Dream therapy involves the analysis of the dream-world and derives from the psychoanalytical theories developed by Sigmund Freud. It is believed that the mind processes unconscious thoughts and transmits them through dreams.
So practitioners try to make sense of events within dreams and assign meanings to them, based on an individual’s life and situation. Modern Dream therapists believe that the comprehension of dreams can bring harmony between the body, mind and spirit.
The study of dreams can be traced back to ancient times where the Egyptians and Babylonians believed them to be mechanisms for seeing the future, communicating with gods and for curing illnesses.
Modern psychoanalytical approaches derive heavily from the work of 17th Century physician, Sir Thomas Brown and perhaps more significantly, Sigmund Freud, whose book The Interpretation of Dreams forms the bedrock of contemporary methods of dream analysis.
The methology also formed part of the theories of Carl Jung who proposed that dreams could provide windows into the unconscious. However, he rejected the notion that dreams concealed feelings and emotions and that they instead provided an opportunity to discover solutions to problems that existed in waking life.
Psychologists Calvin S Hall and Robert Van De Castle were also key figures and developed the Quantitative Coding System, which created a kind of narrative in which the recollection of dreams could be placed. This approach is however dismissed by many contemporary theorists as being too narrow in its scope.
Contemporary approaches to psychoanalytical dream analysis feature three methods:
Freud believed that the study of dreams was key to understanding the unconscious – he identified two elements common to all dreams: manifested and latent content.

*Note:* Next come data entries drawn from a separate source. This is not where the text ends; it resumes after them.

lemma graph_extend_norm_dominated:
  fixes G :: "('a::real_normed_vector \<times> real) set"
  assumes G: "linear_graph G" and dom: "\<And>x a. (x, a) \<in> G \<Longrightarrow> a \<le> norm x"
  obtains c where "\<And>v e. (v, e) \<in> graph_extend G y c \<Longrightarrow> e \<le> norm v"
proof -
  let ?S = "{a - norm (x - y) | x a. (x, a) \<in> G}"
  txt \<open>Any c between this supremum and the infimum of the norm (z + y) - b keeps the
    extension dominated; by the triangle inequality the two bounds are compatible.\<close>
  define c where "c = Sup ?S"
  have bounds_compatible: "a - norm (x - y) \<le> norm (z + y) - b" if "(x, a) \<in> G" "(z, b) \<in> G" for x a z b
  proof -
    have "a + b \<le> norm ((x - y) + (z + y))" using dom[OF linear_graph_add[OF G that]] by simp
    also have "\<dots> \<le> norm (x - y) + norm (z + y)" by (rule norm_triangle_ineq)
    finally show ?thesis by simp
  qed
  have "?S \<noteq> {}" using linear_graph_zero[OF G] by blast
  moreover have "bdd_above ?S" using bounds_compatible[OF _ linear_graph_zero[OF G]] unfolding bdd_above_def by auto
  ultimately have c_ge: "\<And>x a. (x, a) \<in> G \<Longrightarrow> a - norm (x - y) \<le> c"
    and c_le: "\<And>z b. (z, b) \<in> G \<Longrightarrow> c \<le> norm (z + y) - b"
    unfolding c_def using bounds_compatible by (auto intro!: cSup_upper cSup_least)
  have "e \<le> norm v" if ve: "(v, e) \<in> graph_extend G y c" for v e
  proof -
    obtain x a t where xa: "(x, a) \<in> G" and v: "v = x + t *\<^sub>R y" and e: "e = a + t * c"
      using ve unfolding graph_extend_def by blast
    have scaled: "(inverse \<bar>t\<bar> *\<^sub>R x, inverse \<bar>t\<bar> * a) \<in> G"
      using linear_graph_scaleR[OF G xa] .
    consider "t = 0" | "t > 0" | "t < 0" by linarith
    then show ?thesis
    proof cases
      case 1
      then show ?thesis using dom[OF xa] v e by simp
    next
      case 2
      have "t * c \<le> t * (norm (inverse t *\<^sub>R x + y) - inverse t * a)"
        using c_le[OF scaled] 2 by (simp add: mult_left_mono)
      also have "\<dots> = norm (t *\<^sub>R (inverse t *\<^sub>R x + y)) - a"
        using 2 by (simp add: right_diff_distrib)
      also have "t *\<^sub>R (inverse t *\<^sub>R x + y) = x + t *\<^sub>R y"
        using 2 by (simp add: scaleR_add_right)
      finally show ?thesis using v e by simp
    next
      case 3
      have "- t * (inverse (- t) * a - norm (inverse (- t) *\<^sub>R x - y)) \<le> - t * c"
        using c_ge[OF scaled] 3 by (simp add: mult_left_mono)
      also have "- t * (inverse (- t) * a - norm (inverse (- t) *\<^sub>R x - y))
          = a - norm (- t *\<^sub>R (inverse (- t) *\<^sub>R x - y))"
        using 3 by (simp add: right_diff_distrib)
      also have "- t *\<^sub>R (inverse (- t) *\<^sub>R x - y) = x + t *\<^sub>R y"
        using 3 by (simp add: scaleR_diff_right)
      finally show ?thesis using v e by simp
    qed
  qed
  then show ?thesis by (rule that)
qed

lemma linear_graph_Union_chain:
  assumes C: "chain\<^sub>\<subseteq> C" "C \<noteq> {}" and lin_C: "\<And>G. G \<in> C \<Longrightarrow> linear_graph G"
  shows "linear_graph (\<Union>C)"
proof -
  have common: "\<exists>G\<in>C. p \<in> G \<and> q \<in> G" if pq: "p \<in> \<Union>C" "q \<in> \<Union>C" for p q
  proof -
    obtain G H where "G \<in> C" "H \<in> C" "p \<in> G" "q \<in> H" using pq by blast
    moreover have "G \<subseteq> H \<or> H \<subseteq> G" using C(1) calculation(1,2) unfolding chain_subset_def by blast
    ultimately show ?thesis by blast
  qed
  show ?thesis
  proof (rule linear_graphI)
    obtain G where "G \<in> C" using C(2) by blast
    then show "(0, 0) \<in> \<Union>C" using linear_graph_zero[OF lin_C] by blast
  next
    fix x a z b assume "(x, a) \<in> \<Union>C" "(z, b) \<in> \<Union>C"
    then obtain G where "G \<in> C" "(x, a) \<in> G" "(z, b) \<in> G" using common by blast
    then show "(x + z, a + b) \<in> \<Union>C" using linear_graph_add[OF lin_C] by blast
  next
    fix x a t assume "(x, a) \<in> \<Union>C"
    then obtain G where "G \<in> C" "(x, a) \<in> G" by blast
    then show "(t *\<^sub>R x, t * a) \<in> \<Union>C" using linear_graph_scaleR[OF lin_C] by blast
  next
    fix x a b assume "(x, a) \<in> \<Union>C" "(x, b) \<in> \<Union>C"
    then obtain G where "G \<in> C" "(x, a) \<in> G" "(x, b) \<in> G" using common by blast
    then show "a = b" using linear_graph_unique[OF lin_C] by blast
  qed
qed

theorem hahn_banach_norm_dominated:
  fixes G :: "('a::real_normed_vector \<times> real) set"
  assumes G: "linear_graph G" and dom: "\<And>x a. (x, a) \<in> G \<Longrightarrow> a \<le> norm x"
  obtains f where "bounded_linear f" "\<And>x a. (x, a) \<in> G \<Longrightarrow> f x = a"
proof -
  define A where "A = {H. linear_graph H \<and> G \<subseteq> H \<and> (\<forall>x a. (x, a) \<in> H \<longrightarrow> a \<le> norm x)}"
  have chain_bounded: "\<exists>U\<in>A. \<forall>H\<in>C. H \<subseteq> U" if C: "C \<in> chains A" for C
  proof (cases "C = {}")
    case True
    have "G \<in> A" using G dom unfolding A_def by blast
    with True show ?thesis by blast
  next
    case False
    have CA: "C \<subseteq> A" and chain: "chain\<^sub>\<subseteq> C" using C unfolding chains_def by auto
    then have "linear_graph (\<Union>C)"
      using False linear_graph_Union_chain unfolding A_def by blast
    moreover have "G \<subseteq> \<Union>C" using False CA unfolding A_def by blast
    moreover have "\<forall>x a. (x, a) \<in> \<Union>C \<longrightarrow> a \<le> norm x" using CA unfolding A_def by blast
    ultimately have "\<Union>C \<in> A" unfolding A_def by blast
    then show ?thesis by blast
  qed
  have "\<exists>M\<in>A. \<forall>H\<in>A. M \<subseteq> H \<longrightarrow> H = M"
    using chain_bounded by (intro Zorn_Lemma2) blast
  then obtain M where "M \<in> A" and maximal: "\<And>H. H \<in> A \<Longrightarrow> M \<subseteq> H \<Longrightarrow> H = M"
    by blast
  then have M: "linear_graph M" "G \<subseteq> M" "\<And>x a. (x, a) \<in> M \<Longrightarrow> a \<le> norm x"
    unfolding A_def by auto
  have total: "x \<in> Domain M" for x
  proof (rule ccontr)
    assume x: "x \<notin> Domain M"
    obtain c where c: "\<And>v e. (v, e) \<in> graph_extend M x c \<Longrightarrow> e \<le> norm v"
      using graph_extend_norm_dominated[OF M(1,3)] by blast
    have "G \<subseteq> graph_extend M x c" using M(2) subset_graph_extend[of M] by blast
    with c have "graph_extend M x c \<in> A"
      using linear_graph_graph_extend[OF M(1) x] unfolding A_def by blast
    then have "graph_extend M x c = M" using maximal subset_graph_extend by blast
    then show False using graph_extend_point[OF M(1)] x by blast
  qed
  define f where "f x = (THE a. (x, a) \<in> M)" for x
  have f_eq: "f x = a" if "(x, a) \<in> M" for x a
    unfolding f_def using that by (rule the_equality) (metis linear_graph_unique[OF M(1) that])
  have f_graph: "(x, f x) \<in> M" for x
  proof -
    obtain a where "(x, a) \<in> M" using total[of x] by blast
    then show ?thesis using f_eq by simp
  qed
  have "bounded_linear f"
  proof (rule bounded_linear_intro[where K = 1])
    show "f (x + y) = f x + f y" for x y
      by (rule f_eq[OF linear_graph_add[OF M(1) f_graph f_graph]])
    show "f (r *\<^sub>R x) = r *\<^sub>R f x" for r x
      using f_eq[OF linear_graph_scaleR[OF M(1) f_graph]] by simp
    show "norm (f x) \<le> norm x * 1" for x
    proof -
      have "f (- x) = - f x" using f_eq[OF linear_graph_scaleR[OF M(1) f_graph[of x], of "- 1"]] by simp
      then show ?thesis using M(3)[OF f_graph[of x]] M(3)[OF f_graph[of "- x"]] by simp
    qed
  qed
  moreover have "f x = a" if "(x, a) \<in> G" for x a using that M(2) f_eq by blast
  ultimately show ?thesis by (rule that)
qed

corollary hahn_banach_subspace_separation:
  fixes M :: "'a::real_normed_vector set"
  assumes M: "subspace M" and y: "y \<notin> closure M"
  obtains f :: "'a \<Rightarrow>\<^sub>L real" where "f y \<noteq> 0" "\<And>m. m \<in> M \<Longrightarrow> f m = 0"
proof -
  define d where "d = infdist y M"
  have "M \<noteq> {}" using subspace_0[OF M] by blast
  then have "d \<noteq> 0" using y in_closure_iff_infdist_zero unfolding d_def by blast
  then have d: "d > 0" using infdist_nonneg[of y M] unfolding d_def by linarith
  define H where "H = M \<times> {0::real}"
  have H: "linear_graph H"
    unfolding H_def using subspace_0[OF M] subspace_add[OF M] subspace_scale[OF M]
    by (intro linear_graphI) auto
  have yH: "y \<notin> Domain H" unfolding H_def using y closure_subset by blast
  have dom: "a \<le> norm x" if xa: "(x, a) \<in> graph_extend H y d" for x a
  proof -
    obtain m t where m: "m \<in> M" and x: "x = m + t *\<^sub>R y" and a: "a = t * d"
      using xa unfolding graph_extend_def H_def by auto
    show ?thesis
    proof (cases "t = 0")
      case True
      then show ?thesis using a by simp
    next
      case False
      have "- (inverse t *\<^sub>R m) \<in> M" using m subspace_neg[OF M] subspace_scale[OF M] by blast
      then have "d \<le> dist y (- (inverse t *\<^sub>R m))" unfolding d_def by (rule infdist_le)
      then have "\<bar>t\<bar> * d \<le> \<bar>t\<bar> * norm (y + inverse t *\<^sub>R m)"
        by (simp add: dist_norm mult_left_mono)
      also have "\<dots> = norm (t *\<^sub>R (y + inverse t *\<^sub>R m))" by simp
      also have "t *\<^sub>R (y + inverse t *\<^sub>R m) = x"
        using False x by (simp add: scaleR_add_right add.commute)
      finally have "\<bar>t\<bar> * d \<le> norm x" .
      moreover have "t * d \<le> \<bar>t\<bar> * d" using d by (simp add: mult_right_mono)
      ultimately show ?thesis using a by linarith
    qed
  qed
  obtain f where f: "bounded_linear f" and fG: "\<And>x a. (x, a) \<in> graph_extend H y d \<Longrightarrow> f x = a"
    using hahn_banach_norm_dominated[OF linear_graph_graph_extend[OF H yH] dom] by blast
  have "Blinfun f y = d"
    using fG[OF graph_extend_point[OF H]] by (simp add: bounded_linear_Blinfun_apply[OF f])
  moreover have "Blinfun f m = 0" if "m \<in> M" for m
  proof -
    have "(m, 0) \<in> graph_extend H y d" using that subset_graph_extend[of H y d] unfolding H_def by blast
    then show ?thesis using fG by (simp add: bounded_linear_Blinfun_apply[OF f])
  qed
  ultimately show ?thesis using d by (intro that[of "Blinfun f"]) auto
qed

Manifested Content is the dream that a person remembers upon waking up. Latent content is the dream that is not remembered. Freud proposed that latent dream content was the result of sensory impressions that occur during the night, residue of the previous day and the instinctual impulses which form part of the psyche, known as the ID.
The Symbolic approach holds that dreams should be considered in their entirety and that the analysis of any messages within them can only be understood by taking the whole dream into account.
The Decoding Method views objects and events as symbols, which can be translated by using a key guide.
Modern methods of interpretation, although based on the work of Freud, have evolved considerably. Many contemporary analysts believe that a person’s genetic history and unresolved conflicts are often exposed in transference (unconscious redirection of feelings) which are then exhibited through dreams – the dream is often seen to be a reflection of the entire personality.
How can the study of dreams help?
Dream interpretation is suitable for anyone wishing to explore their unconscious and find out more about their inner-selves. The technique can prove very helpful at uncovering repressed thoughts and emotions, which may be affecting and individual’s life negatively.
Understanding the causes of dreams can help individuals to achieve better self-awareness and a greater understanding of their own emotions.
Practitioners who use the interpretation of dreams as a method of therapy can sometimes help those suffering from recurring dreams. An understanding of a recurring dream’s meaning can sometimes cause it to cease.